(* Let $H$ be a cumulative distribution function on $[0,1]$, let $H^{-1}(y)=\inf\{x:H(x)>y\}$, and assume that $f(x)=\frac{d}{dx}H^{-1}(x)$ exists for almost every $x\in[0,1]$ and that there is $\epsilon_0>0$ with $f(x)\ge\epsilon_0$ almost everywhere. Let $X_1,X_2,\dots$ be i.i.d. with distribution function $H$, and for each $K\ge2$ let $D_1,\dots,D_K$ be the spacings of $X_1,\dots,X_{K-1}$. Then $$\frac1K\sum_{i=1}^K\log_K D_i\xrightarrow{\text{a.s.}}-1\quad\text{as }K\to\infty.$$
   Context: Spacings: given $X_1,\dots,X_{K-1}\in[0,1]$ with order statistics $X_{1:K-1}\ge X_{2:K-1}\ge\cdots\ge X_{K-1:K-1}$, the spacings are $D_1=1-X_{1:K-1}$, $D_i=X_{i-1:K-1}-X_{i:K-1}$ for $2\le i\le K-1$, and $D_K=X_{K-1:K-1}$; thus $\sum_{i=1}^KD_i=1$. $\log_K$ denotes logarithm to base $K$. *)

theory Defs
  imports "HOL-Probability.Probability"
begin

definition gen_inv :: "(real \<Rightarrow> real) \<Rightarrow> real \<Rightarrow> real" where
  "gen_inv H y = Inf {x. H x > y}"

text \<open>Order statistics in decreasing order: order_stat xs i is the i-th largest
  element of xs (1-based), i.e. X_{i:n} with X_{1:n} \<ge> X_{2:n} \<ge> ... .\<close>
definition order_stat :: "real list \<Rightarrow> nat \<Rightarrow> real" where
  "order_stat xs i = rev (sort xs) ! (i - 1)"

definition spacing :: "real list \<Rightarrow> nat \<Rightarrow> real" where
  "spacing xs i = (let K = length xs + 1 in
     if i = 1 then 1 - order_stat xs 1
     else if i = K then order_stat xs (K - 1)
     else order_stat xs (i - 1) - order_stat xs i)"

end

theory Submission
  imports Defs "HOL-Real_Asymp.Real_Asymp"
begin

text \<open>
  Because the inverse of H has derivative at least \<epsilon>0 almost everywhere, H is Lipschitz
  with constant 1/\<epsilon>0: each X_i falls into a given interval of length t with probability
  at most t/\<epsilon>0, and two of them come closer than t with probability at most 2t/\<epsilon>0.

  The upper bound is deterministic: applying ln x \<le> x - 1 to K D_i shows that positive
  spacings summing to 1 satisfy \<Sum> ln D_i \<le> -K ln K.

  For the lower bound, Borel-Cantelli gives almost surely, for all large K, that the first
  K - 1 points stay 1/K^4 apart from each other and from 0 and 1, and, along dyadic blocks
  2^m \<le> K < 2^(m+1), that fewer than \<delta> 2^m pairs among the first 2^(m+1) points are closer
  than 2^(-(1+\<delta>)(m+1)) \<ge> (2K)^(-(1+\<delta>)); the expected number of such pairs is
  O((2^(1-\<delta>))^(m+1)), so by Markov's inequality the failure probabilities decay
  geometrically in m. So every spacing is at least 1/K^4,
  and all but at most \<delta> K + 2 of them are at least (2K)^(-(1+\<delta>)), whence
  \<Sum> ln D_i \<ge> -(1 + 5\<delta> + o(1)) K ln K.
\<close>

section \<open>A Lipschitz bound for the distribution function\<close>

lemma strict_increasing_if_locally_increasing:
  fixes \<phi> :: "real \<Rightarrow> real"
  assumes "a < b"
    and local: "\<And>x. x \<in> {a..b} \<Longrightarrow>
      \<forall>\<^sub>F z in at x within {a..b}. (z < x \<longrightarrow> \<phi> z < \<phi> x) \<and> (x < z \<longrightarrow> \<phi> x < \<phi> z)"
  shows "\<phi> a < \<phi> b"
proof -
  define T where "T = {x \<in> {a..b}. \<forall>z. a < z \<and> z \<le> x \<longrightarrow> \<phi> a < \<phi> z}"
  define s where "s = Sup T"
  have aT: "a \<in> T" unfolding T_def using \<open>a < b\<close> by auto
  have bdd: "bdd_above T" unfolding T_def by (auto intro: bdd_aboveI[of _ b])
  have "s \<le> b" unfolding s_def using aT by (intro cSup_least) (auto simp: T_def)
  have below_s: "\<phi> a < \<phi> z" if z: "a < z" "z < s" for z
  proof -
    obtain x where "x \<in> T" "z < x" using z(2) less_cSup_iff[OF _ bdd] aT unfolding s_def by blast
    then show ?thesis using z unfolding T_def by auto
  qed
  have "a < s"
  proof -
    obtain d where "d > 0" and d: "\<forall>z\<in>{a..b}. z \<noteq> a \<and> dist z a < d \<longrightarrow> (a < z \<longrightarrow> \<phi> a < \<phi> z)"
      using local[of a] \<open>a < b\<close> unfolding eventually_at by force
    have "min b (a + d/2) \<in> T" unfolding T_def using \<open>d > 0\<close> \<open>a < b\<close> d by (auto simp: dist_real_def)
    then have "min b (a + d/2) \<le> s" unfolding s_def by (rule cSup_upper[OF _ bdd])
    then show ?thesis using \<open>d > 0\<close> \<open>a < b\<close> by linarith
  qed
  obtain d where "d > 0" and d: "\<forall>z\<in>{a..b}. z \<noteq> s \<and> dist z s < d \<longrightarrow>
      (z < s \<longrightarrow> \<phi> z < \<phi> s) \<and> (s < z \<longrightarrow> \<phi> s < \<phi> z)"
    using local[of s] \<open>a < s\<close> \<open>s \<le> b\<close> unfolding eventually_at by auto
  have at_s: "\<phi> a < \<phi> s"
  proof -
    define u where "u = max a (s - d/2)"
    have "u \<in> {a..b}" "u \<noteq> s" "dist u s < d" "u < s"
      using \<open>d > 0\<close> \<open>a < s\<close> \<open>s \<le> b\<close> unfolding u_def by (auto simp: dist_real_def)
    then have "\<phi> u < \<phi> s" using d by blast
    moreover have "\<phi> a \<le> \<phi> u"
      using below_s[of "s - d/2"] \<open>d > 0\<close> unfolding u_def by (cases "a < s - d/2") auto
    ultimately show ?thesis by linarith
  qed
  have "\<not> s < b"
  proof
    assume "s < b"
    have "\<phi> a < \<phi> z" if "a < z" "z \<le> min b (s + d/2)" for z
      using below_s[of z] at_s d \<open>d > 0\<close> \<open>a < s\<close> that
      by (cases z s rule: linorder_cases) (force simp: dist_real_def)+
    then have "min b (s + d/2) \<in> T" unfolding T_def using \<open>a < s\<close> \<open>s < b\<close> \<open>d > 0\<close> by auto
    then have "min b (s + d/2) \<le> s" unfolding s_def by (rule cSup_upper[OF _ bdd])
    then show False using \<open>s < b\<close> \<open>d > 0\<close> by linarith
  qed
  then show ?thesis using at_s \<open>s \<le> b\<close> by auto
qed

GOAL OF THE EXERCISE
Output each line of the listing above that has "else".

RESPONSE TO THIS TASK
     else if i = K then order_stat xs (K - 1)
     else order_stat xs (i - 1) - order_stat xs i)"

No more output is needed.